lemma tight_basis_kernel:
  assumes q: "\<And>v. v \<in> tight_basis m f \<Longrightarrow> lform (m + 2) v q = 0" and "i < 2 * m + 1"
  shows "q i = 0"
proof -
  let ?S = "code_support m f"
  have x_gap: "x_gap m q (m + 1 - j) = 0" if "j \<in> {1..m}" "f j \<noteq> 1" for j
  proof -
    have "m + 1 - j \<in> {1..m}" using that by auto
    then show ?thesis using that q[of "x_gap_vec m (m + 1 - j)"] lform_x_gap_vec[of "m + 1 - j" m q]
      by (simp add: tight_basis_def)
  qed
  have y_gap: "y_gap m q j = 0" if "j \<in> {1..m}" "f j \<noteq> 2" for j
    using that q[of "y_gap_vec m j"] lform_y_gap_vec[of j m q] by (simp add: tight_basis_def)
  have cut: "cut_form m q j = 0" if "j \<le> m + 1" for j
  proof (rule second_diff_unique[of "insert 0 (insert (m + 1) ?S)" "m + 1" _ "\<lambda>_. 0"])
    show "cut_form m q i = 0" if "i \<in> insert 0 (insert (m + 1) ?S)" for i
      using that q[of "fst (eqc (m + 2))"] q[of "cut_vec m i"] lform_cut_vec[of i m q]
        lform_eqc[of m q]
        cut_form_0[of m q] cut_form_top[of m q] code_support_subset[of m f]
      by (auto simp: tight_basis_def)
    show "second_diff (cut_form m q) i = second_diff (\<lambda>_. 0) i"
      if "0 < i" "i < m + 1" "i \<notin> insert 0 (insert (m + 1) ?S)" for i
    proof -
      have "i \<in> {1..m}" "f i = 0" using that by (auto simp: code_support_def)
      then show ?thesis
        using x_gap y_gap second_diff_cut_form[of i m q]
        by (simp add: curvature_def second_diff_def)
    qed
  qed (use that in auto)
  have "x_gap m q (m + 1 - j) = 0 \<and> y_gap m q j = 0" if "j \<in> {1..m}" for j
  proof -
    have "j - 1 \<le> m + 1" "j \<le> m + 1" "j + 1 \<le> m + 1" using that by auto
    then have "curvature m q j = 0"
      using second_diff_cut_form[OF that, of q] by (simp add: second_diff_def cut)
    then show ?thesis
      using x_gap[OF that] y_gap[OF that] by (cases "f j = 1") (auto simp: curvature_def)
  qed
  moreover have "m + 1 - k \<in> {1..m}" "m + 1 - (m + 1 - k) = k" if "k \<in> {1..m}" for k
    using that by auto
  ultimately have "x_gap m q k = 0" "y_gap m q k = 0" if "k \<in> {1..m}" for k
    using that by (metis, blast)
  moreover have "balance m q = 0"
    using q[of "fst (eqc (m + 2))"] lform_eqc[of m q] by (simp add: tight_basis_def)
  ultimately show ?thesis using zero_if_gaps_zero[OF _ _ _ assms(2)] by blast
qed

lemma vertex_of_mem_vertices: "vertex_of m f \<in> vertices (m + 2)"
proof -
  have "finite (tight_basis m f)"
    using finite_subset[OF code_support_subset] by (simp add: tight_basis_def)
  then have "lin_indep (pdim (m + 2)) (tight_basis m f)"
    using tight_basis_kernel card_tight_basis[OF f]
    by (simp add: lin_indep_iff_kernel_trivial lform_def)
  then show ?thesis
    unfolding vertices_def
    using vertex_of_mem_Pd[OF f] tight_basis_subset_tight card_tight_basis[OF f] by auto
qed

end

theorem theorem5p20:
  fixes d :: nat
  assumes "d \<ge> 3"
  shows "(\<exists>M. \<forall>p\<in>Pd d. \<forall>i. \<bar>p i\<bar> \<le> M)
       \<and> (\<forall>v\<in>vertices d. \<forall>i. v i \<in> \<int>)
       \<and> finite (vertices d) \<and> card (vertices d) = 3 ^ (d - 2)"
proof -
  define m where "m = d - 2"
  then have d: "d = m + 2" and m: "1 \<le> m" using assms by auto
  have vertices: "vertices (m + 2) = vertex_of m ` codes m"
  proof
    show "vertices (m + 2) \<subseteq> vertex_of m ` codes m"
    proof
      fix p assume "p \<in> vertices (m + 2)"
      then have "p \<in> Pd (m + 2)" "tight_kernel_trivial (m + 2) p"
        using vertex_imp_tight_kernel_trivial by (auto simp: vertices_def)
      then show "p \<in> vertex_of m ` codes m" using eq_vertex_of_code_of by blast
    qed
    show "vertex_of m ` codes m \<subseteq> vertices (m + 2)" using vertex_of_mem_vertices by blast
  qed
  have "card (codes m) = 3 ^ m" by (simp add: codes_def card_PiE numeral_3_eq_3)
  moreover have "finite (codes m)" by (simp add: codes_def finite_PiE)
  ultimately show ?thesis
    using Pd_bounded[OF _ m] vertex_of_int card_image[OF inj_on_vertex_of]
    unfolding d vertices by auto
qed

end
lemma derivation_apply_complement:
  assumes D: "derivation_K D" and a: "a \<in> compact_ops" "diagonal a" and x: "x \<in> complement"
  shows "cinner x x *\<^sub>C D a x = - a (D (rank_one x) x)"
proof -
  have ba: "bounded_clinear a"
    using a(1) by (rule compact_ops_imp_bounded_clinear)
  have bDa: "bounded_clinear (D a)"
    by (rule compact_ops_imp_bounded_clinear[OF derivation_K_compact_ops[OF D a(1)]])
  have "a \<circ> rank_one x = (\<lambda>z. 0)"
    by (auto simp: rank_one_def bounded_clinear_scaleC[OF ba] diagonal_apply_complement[OF a(2) x])
  then have "op_add (D a \<circ> rank_one x) (a \<circ> D (rank_one x)) = (\<lambda>z. 0)"
    using derivation_K_Leibniz[OF D a(1) rank_one_compact[of x]] derivation_K_zero[OF D] by simp
  from fun_cong[OF this, of x] show ?thesis
    by (simp add: op_add_def rank_one_def bounded_clinear_scaleC[OF bDa] eq_neg_iff_add_eq_0)
qed

context
  fixes \<Delta> :: "('h \<Rightarrow> 'h) \<Rightarrow> ('h \<Rightarrow> 'h)"
  assumes \<Delta>: "weak_2_local_derivation_K \<Delta>"
begin
lemma K_mat_ptrans_symmetric_product_in_R1_DNN:
  assumes u: "\<And>i. i < n \<Longrightarrow> u i \<in> carrier_vec d"
    and v: "v \<in> carrier_vec d" and w: "w \<in> carrier_vec d"
    and sym: "\<And>p q. p < d \<Longrightarrow> q < d \<Longrightarrow> v $ p * w $ q = v $ q * w $ p"
  shows "K_mat n d u * ptrans d (outer (tensor_vec v w) (tensor_vec v w)) * mat_adjoint (K_mat n d u)
    \<in> R1_DNN n"
proof -
  let ?K = "K_mat n d u"
  obtain c where c: "tensor_vec v (conjugate w) = c \<cdot>\<^sub>v tensor_vec v (conjugate v)"
    using tensor_vec_conjugate_proportional[OF v w sym] by blast
  define z where "z = vec n (\<lambda>i. complex_of_real ((cmod (v \<bullet>c u i))\<^sup>2))"
  have x: "tensor_vec v (conjugate w) \<in> carrier_vec (d * d)"
    and xv: "tensor_vec v (conjugate v) \<in> carrier_vec (d * d)"
    using v w by (simp_all add: tensor_vec_carrier)
  have "?K *\<^sub>v tensor_vec v (conjugate v) = z"
    using K_mat_mult_tensor_vec[OF u v v]
    by (simp add: z_def complex_norm_square del: of_real_power)
  then have "?K *\<^sub>v tensor_vec v (conjugate w) = c \<cdot>\<^sub>v z"
    unfolding c using mult_mat_vec[OF K_mat_carrier xv] by simp
  then have "?K * ptrans d (outer (tensor_vec v w) (tensor_vec v w)) * mat_adjoint ?K
      = outer (c \<cdot>\<^sub>v z) (c \<cdot>\<^sub>v z)"
    by (simp add: ptrans_outer_tensor_vec[OF v w] mult_outer_mult_adjoint[OF K_mat_carrier x])
  also have "\<dots> = complex_of_real ((cmod c)\<^sup>2) \<cdot>\<^sub>m outer z z"
    by (simp add: outer_smult complex_norm_square del: of_real_power)
  also have "\<dots> \<in> R1_DNN n"
    unfolding z_def by (rule smult_outer_nonneg_in_R1_DNN) auto
  finally show ?thesis .
qed

theorem mainTheorem12:
  fixes n d :: nat and u :: "nat \<Rightarrow> complex vec" and \<rho> :: "complex mat"
  assumes "n \<le> d"
    and "\<And>i. i < n \<Longrightarrow> u i \<in> carrier_vec d"
    and "\<And>i j. i < n \<Longrightarrow> j < n \<Longrightarrow> u i \<bullet>c u j = (if i = j then 1 else 0)"
    and "psd_mat (d*d) \<rho>"
    and "separable d \<rho>"
    and "range_in_sym d \<rho>"
  shows "K_mat n d u * ptrans d \<rho> * mat_adjoint (K_mat n d u) \<in> R1_DNN n"
proof -
  let ?K = "K_mat n d u"
  obtain vws where vws: "\<forall>(v, w) \<in> set vws. v \<in> carrier_vec d \<and> w \<in> carrier_vec d"
    and sym: "\<forall>(v, w) \<in> set vws. \<forall>p<d. \<forall>q<d. v $ p * w $ q = v $ q * w $ p"
    and \<rho>: "\<rho> = foldr (+) (map (\<lambda>(v, w). outer (tensor_vec v w) (tensor_vec v w)) vws)
      (0\<^sub>m (d * d) (d * d))"
    using separable_range_in_sym_decomposition[OF assms(5,6)] by blast
  let ?P = "\<lambda>(v, w). ptrans d (outer (tensor_vec v w) (tensor_vec v w))"
  have "?K * ptrans d \<rho> * mat_adjoint ?K
      = ?K * foldr (+) (map ?P vws) (0\<^sub>m (d * d) (d * d)) * mat_adjoint ?K"
    unfolding \<rho> using vws
    by (subst ptrans_foldr_add) (auto intro!: outer_carrier tensor_vec_carrier simp: split_def)
  also have "\<dots> = foldr (+) (map (\<lambda>x. ?K * ?P x * mat_adjoint ?K) vws) (0\<^sub>m n n)"
    using vws by (intro mult_foldr_add_mult_adjoint[OF K_mat_carrier]) (auto simp: ptrans_def)
  also have "\<dots> \<in> R1_DNN n"
    using vws sym
    by (intro R1_DNN_foldr_add) (auto intro!: K_mat_ptrans_symmetric_product_in_R1_DNN assms(2))
  finally show ?thesis .
qed

end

▶ **Task objective**
Reproduce every line of the material above that has the string "intro".

▶ **Solution for this task**
    by (subst ptrans_foldr_add) (auto intro!: outer_carrier tensor_vec_carrier simp: split_def)
    using vws by (intro mult_foldr_add_mult_adjoint[OF K_mat_carrier]) (auto simp: ptrans_def)
    by (intro R1_DNN_foldr_add) (auto intro!: K_mat_ptrans_symmetric_product_in_R1_DNN assms(2))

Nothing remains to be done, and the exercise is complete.